* _Work task_
Go through the entries below from the first line and transcribe each one exactly, ending with the line that contains "b) x = (\<Sum>i\<le>n.".

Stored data
(* Let $d\geq2$ and $K\geq1$. There is a constant $C=C(d,K)$ (and, where indicated, $C(\delta)$, $C(m)$ also depending on $\delta$, resp. $m$) such that for all $0<\epsilon\leq\frac12$, all $\tilde\xi\in\mathbb R^d$ with $|\tilde\xi|\leq K\epsilon^{-1}$, all $0<t\leq1$ and all $\gamma\in\mathbb R$, writing $B=\{\xi^f\in\mathbb R^d:\ |\xi^f|\leq K\epsilon^{-1}\}$: (i) $\displaystyle\int_B\frac{d\xi^f}{|\gamma+\tilde\xi\cdot\xi^f+\frac it|}\leq C\,\epsilon^{1-d}\min\Big(\frac{1}{|\tilde\xi|},\frac t\epsilon\Big)|\log\epsilon|$ (with $1/|\tilde\xi|=+\infty$ if $\tilde\xi=0$); (ii) for every $0<\delta\leq1$, $\displaystyle\int_B\frac{\mathbf 1\big(|\tilde\xi|\geq\delta\epsilon^{-1}\ \text{or}\ |\gamma+\tilde\xi\cdot\xi^f|\geq\delta\epsilon^{-2}\big)}{|\gamma+\tilde\xi\cdot\xi^f+\frac it|}\,d\xi^f\leq C(\delta)\,\epsilon^{2-d}|\log\epsilon|$; (iii) for every nonnegative $m\in C^1([0,\infty))$ with $m(0)=0$, $\displaystyle\int_B\frac{m(\epsilon|\tilde\xi|)}{|\gamma+\tilde\xi\cdot\xi^f+\frac it|}\,d\xi^f\leq C(m)\,\epsilon^{2-d}|\log\epsilon|$; (iv) $\displaystyle\int_B\frac{d\xi^f}{|\gamma+(\tilde\xi+\xi^f)\cdot\xi^f+\frac it|}\leq C\,\epsilon^{2-d}|\log\epsilon|$.
   Context: Here $|\cdot|$ of the complex number $\gamma+\dots+\frac it$ is its modulus; $\xi\cdot\eta$ is the Euclidean inner product on $\mathbb R^d$. *)

theory Defs
  imports "HOL-Analysis.Analysis"
begin
section \<open>The derivative of a zero and its sign\<close>

lemma poly_family_root_has_derivative:
  fixes P :: "real \<Rightarrow> real poly" and L :: "real \<Rightarrow> real"
  assumes deg: "\<And>b. degree (P b) \<le> n"
    and coeff_deriv: "\<And>i. ((\<lambda>b. coeff (P b) i) has_real_derivative d i) (at a)"
    and factor: "\<And>x. poly (P a) x = (x - x0) * poly h x" and h: "poly h x0 \<noteq> 0"
    and L_lim: "(L \<longlongrightarrow> x0) (at a)" and L_a: "L a = x0"
    and L_root: "eventually (\<lambda>b. poly (P b) (L b) = 0) (at a)"
  shows "(L has_real_derivative - (\<Sum>i\<le>n. d i * x0 ^ i) / poly h x0) (at a)"
proof -
  define c where "c i b = coeff (P b) i" for i b
  have poly_P: "poly (P b) x = (\<Sum>i\<le>n. c i b * x ^ i)" for b x
    unfolding c_def by (rule poly_eq_sum_coeff[OF deg])
  have h_lim: "((\<lambda>b. poly h (L b)) \<longlongrightarrow> poly h x0) (at a)"
    by (rule isCont_tendsto_compose[OF poly_isCont L_lim])
  have lim: "((\<lambda>b. - (\<Sum>i\<le>n. (c i b - c i a) / (b - a) * L b ^ i) / poly h (L b)) \<longlongrightarrow>
             - (\<Sum>i\<le>n. d i * x0 ^ i) / poly h x0) (at a)"
    using coeff_deriv unfolding has_field_derivative_iff c_def
    by (intro tendsto_intros L_lim h_lim h)
  \<comment> \<open>\<open>P b (L b) = 0\<close> and \<open>P a (L b) = (L b - L a) h (L b)\<close>, so the difference quotient of \<open>L\<close>
      is minus that of the coefficients, evaluated at \<open>L b\<close> and divided by \<open>h (L b)\<close>\<close>
  have eq: "eventually (\<lambda>b. (L b - L a) / (b - a) =
          - (\<Sum>i\<le>n. (c i b - c i a) / (b - a) * L b ^ i) / poly h (L b)) (at a)"
    using eventually_conj[OF eventually_conj[OF L_root tendsto_imp_eventually_ne[OF h_lim h]]
        eventually_neq_at_within[of a a UNIV]]
  proof (rule eventually_mono)
    fix b assume b: "(poly (P b) (L b) = 0 \<and> poly h (L b) \<noteq> 0) \<and> b \<noteq> a"
    have "(\<Sum>i\<le>n. (c i b - c i a) / (b - a) * L b ^ i)
        = ((\<Sum>i\<le>n. c i b * L b ^ i) - (\<Sum>i\<le>n. c i a * L b ^ i)) / (b - a)"
      by (simp add: sum_divide_distrib sum_subtractf[symmetric] algebra_simps)
    also have "\<dots> = - ((L b - x0) * poly h (L b)) / (b - a)"
      using b unfolding poly_P[symmetric] factor by simp
    finally show "(L b - L a) / (b - a) = - (\<Sum>i\<le>n. (c i b - c i a) / (b - a) * L b ^ i) / poly h (L b)"
      using b L_a by (simp add: field_simps)
  qed
  show ?thesis unfolding has_field_derivative_iff using tendsto_cong[OF eq] lim by simp
qed

lemma coeff_ortho_poly_omt_has_derivative:
  assumes "a \<in> {-1<..<1}"
  shows "((\<lambda>b. coeff (ortho_poly (omt b) n) i) has_real_derivative
           deriv (\<lambda>b. coeff (ortho_poly (omt b) n) i) a) (at a)"
  using coeff_ortho_poly_omt_differentiable[OF assms] DERIV_deriv_iff_real_differentiable by blast

definition ortho_poly_deriv :: "real \<Rightarrow> nat \<Rightarrow> real poly" where
  "ortho_poly_deriv a n = (\<Sum>i\<le>n. monom (deriv (\<lambda>b. coeff (ortho_poly (omt b) n) i) a) i)"

lemma coeff_ortho_poly_deriv:
  "coeff (ortho_poly_deriv a n) j = (if j \<le> n then deriv (\<lambda>b. coeff (ortho_poly (omt b) n) j) a else 0)"
  unfolding ortho_poly_deriv_def by (simp add: coeff_sum coeff_monom)

lemma poly_ortho_poly_deriv:
  "poly (ortho_poly_deriv a n) x = (\<Sum>i\<le>n. deriv (\<lambda>b. coeff (ortho_poly (omt b) n) i) a * x ^ i)"
  unfolding ortho_poly_deriv_def by (simp add: poly_sum poly_monom)

lemma degree_ortho_poly_deriv: "degree (ortho_poly_deriv a n) \<le> n"
  by (rule degree_le) (simp add: coeff_ortho_poly_deriv)

lemma deg_below_ortho_poly_deriv: "deg_below (ortho_poly_deriv a n) n"
proof -
  \<comment> \<open>the leading coefficient is constantly 1\<close>
  have "deriv (\<lambda>b. coeff (ortho_poly (omt b) n) n) a = 0" by simp
  then show ?thesis unfolding deg_below_def coeff_ortho_poly_deriv by auto
qed

lemma lam_has_derivative:
  assumes a: "a \<in> {-1<..<1}" and y: "sorted_roots (omt a) n y" and k: "k < n"
  shows "((\<lambda>b. lam b n k) has_real_derivative
           - poly (ortho_poly_deriv a n) (y k) / poly (root_poly (y ` {..<n} - {y k})) (y k)) (at a)"
proof -
  define R where "R = y ` {..<n}"
  have R: "finite R" "y k \<in> R" unfolding R_def using k by auto
  have lim: "(\<lambda>b. lam b n k) \<midarrow>a\<rightarrow> y k"
  proof (rule tendstoI)
    fix \<epsilon> :: real assume "\<epsilon> > 0"
    from eventually_lam_near[OF a y k this] show "eventually (\<lambda>b. dist (lam b n k) (y k) < \<epsilon>) (at a)"
      by (rule eventually_mono) (simp add: dist_real_def)
  qed
  have factor: "poly (ortho_poly (omt a) n) x = (x - y k) * poly (root_poly (R - {y k})) x" for x
    unfolding sorted_roots_eq_root_poly[OF y] R_def[symmetric] root_poly_remove[OF R]
    by (simp add: algebra_simps)
  have h: "poly (root_poly (R - {y k})) (y k) \<noteq> 0" using poly_root_poly_remove_eq_0_iff[OF R(1)] by simp
  have root: "eventually (\<lambda>b. poly (ortho_poly (omt b) n) (lam b n k) = 0) (at a)"
    using eventually_lam_near[OF a y k zero_less_one] by (rule eventually_mono) simp
  have "((\<lambda>b. lam b n k) has_real_derivative
      - (\<Sum>i\<le>n. deriv (\<lambda>b. coeff (ortho_poly (omt b) n) i) a * y k ^ i) / poly (root_poly (R - {y k})) (y k))
      (at a)"
    by (rule poly_family_root_has_derivative[OF _ coeff_ortho_poly_omt_has_derivative[OF a] factor h lim
          lam_sorted_roots[OF a y k] root]) simp
  then show ?thesis unfolding poly_ortho_poly_deriv R_def .
qed

lemma omt_dalpha_decompose:
  fixes a x x0 :: real
  assumes u: "1 + a * x \<noteq> 0" and v: "1 + a * x0 \<noteq> 0"
  shows "omt_dalpha a x
       = (- 5 * x0 / (1 + a * x0)) * omt a x + (- 5 / (1 + a * x0)) * ((x - x0) * (1 / (1 + a * x) ^ 6))"
proof -
  define u where "u = 1 + a * x"
  define v where "v = 1 + a * x0"
  have "(- 5 * x0 / v) * (1 / u ^ 5) + (- 5 / v) * ((x - x0) * (1 / u ^ 6))
      = (- 5 / (v * u ^ 6)) * (x0 * u + (x - x0))"
    using u v unfolding u_def[symmetric] v_def[symmetric] by (simp add: field_simps eval_nat_numeral)
  also have "x0 * u + (x - x0) = x * v" unfolding u_def v_def by (simp add: algebra_simps)
  also have "(- 5 / (v * u ^ 6)) * (x * v) = - 5 * x / u ^ 6"
    using v unfolding v_def[symmetric] by (simp add: field_simps)
  finally show ?thesis unfolding omt_dalpha_def omt_def u_def v_def by simp
qed
(* Under the curve flow $\gamma_t=\gamma''-\tfrac23k_1\gamma$, the curvatures evolve by \[ \begin{pmatrix}k_1\\ k_2\end{pmatrix}_t=\begin{pmatrix}k_1''+2k_2'\\ \tfrac23(k_1k_1'-k_1''')-k_2''\end{pmatrix}=\mathcal{P}\,\mathsf E k_2=\mathcal{Q}\,\mathsf E\rho_3, \qquad \rho_3=\tfrac13(k_1')^2+k_2k_1'+k_2^2+\tfrac19k_1^3, \] so this system is bi-Hamiltonian and the integrals $\int k_2\,\mathrm{d}x$ and $\int\rho_3\,\mathrm{d}x$ are conserved (for appropriate boundary conditions).
   Context: $\gamma(x,t)$ is a family of nondegenerate curves in centroaffine $\mathbb R^3$ parametrized by centroaffine arclength $x$ ($\det(\gamma,\gamma',\gamma'')=1$), with $\gamma'''=(k_1\gamma)'+k_2\gamma$ defining the invariants $k_1,k_2$. $D=\partial/\partial x$. The Hamiltonian operators are \[ \mathcal{P}=\begin{pmatrix}-2D^3+Dk_1+k_1D & -D^4+D^2k_1+2Dk_2+k_2D\\ D^4-k_1D^2+2k_2D+Dk_2 & \tfrac23(D^5+k_1Dk_1-k_1D^3-D^3k_1)+[k_2,D^2]\end{pmatrix},\qquad \mathcal{Q}=\begin{pmatrix}0&D\\ D&0\end{pmatrix}, \] and $\mathsf E$ is the vector Euler operator $\mathsf E f=\big(\sum_{j\ge0}(-D)^j\partial f/\partial k_1^{(j)},\ \sum_{j\ge0}(-D)^j\partial f/\partial k_2^{(j)}\big)^{\mathrm T}$. *)

theory Defs
  imports "HOL-Analysis.Analysis"
begin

* _Problem solution_
(* Let $d\geq2$ and $K\geq1$. There is a constant $C=C(d,K)$ (and, where indicated, $C(\delta)$, $C(m)$ also depending on $\delta$, resp. $m$) such that for all $0<\epsilon\leq\frac12$, all $\tilde\xi\in\mathbb R^d$ with $|\tilde\xi|\leq K\epsilon^{-1}$, all $0<t\leq1$ and all $\gamma\in\mathbb R$, writing $B=\{\xi^f\in\mathbb R^d:\ |\xi^f|\leq K\epsilon^{-1}\}$: (i) $\displaystyle\int_B\frac{d\xi^f}{|\gamma+\tilde\xi\cdot\xi^f+\frac it|}\leq C\,\epsilon^{1-d}\min\Big(\frac{1}{|\tilde\xi|},\frac t\epsilon\Big)|\log\epsilon|$ (with $1/|\tilde\xi|=+\infty$ if $\tilde\xi=0$); (ii) for every $0<\delta\leq1$, $\displaystyle\int_B\frac{\mathbf 1\big(|\tilde\xi|\geq\delta\epsilon^{-1}\ \text{or}\ |\gamma+\tilde\xi\cdot\xi^f|\geq\delta\epsilon^{-2}\big)}{|\gamma+\tilde\xi\cdot\xi^f+\frac it|}\,d\xi^f\leq C(\delta)\,\epsilon^{2-d}|\log\epsilon|$; (iii) for every nonnegative $m\in C^1([0,\infty))$ with $m(0)=0$, $\displaystyle\int_B\frac{m(\epsilon|\tilde\xi|)}{|\gamma+\tilde\xi\cdot\xi^f+\frac it|}\,d\xi^f\leq C(m)\,\epsilon^{2-d}|\log\epsilon|$; (iv) $\displaystyle\int_B\frac{d\xi^f}{|\gamma+(\tilde\xi+\xi^f)\cdot\xi^f+\frac it|}\leq C\,\epsilon^{2-d}|\log\epsilon|$.
   Context: Here $|\cdot|$ of the complex number $\gamma+\dots+\frac it$ is its modulus; $\xi\cdot\eta$ is the Euclidean inner product on $\mathbb R^d$. *)

theory Defs
  imports "HOL-Analysis.Analysis"
begin
section \<open>The derivative of a zero and its sign\<close>

lemma poly_family_root_has_derivative:
  fixes P :: "real \<Rightarrow> real poly" and L :: "real \<Rightarrow> real"
  assumes deg: "\<And>b. degree (P b) \<le> n"
    and coeff_deriv: "\<And>i. ((\<lambda>b. coeff (P b) i) has_real_derivative d i) (at a)"
    and factor: "\<And>x. poly (P a) x = (x - x0) * poly h x" and h: "poly h x0 \<noteq> 0"
    and L_lim: "(L \<longlongrightarrow> x0) (at a)" and L_a: "L a = x0"
    and L_root: "eventually (\<lambda>b. poly (P b) (L b) = 0) (at a)"
  shows "(L has_real_derivative - (\<Sum>i\<le>n. d i * x0 ^ i) / poly h x0) (at a)"
proof -
  define c where "c i b = coeff (P b) i" for i b
  have poly_P: "poly (P b) x = (\<Sum>i\<le>n. c i b * x ^ i)" for b x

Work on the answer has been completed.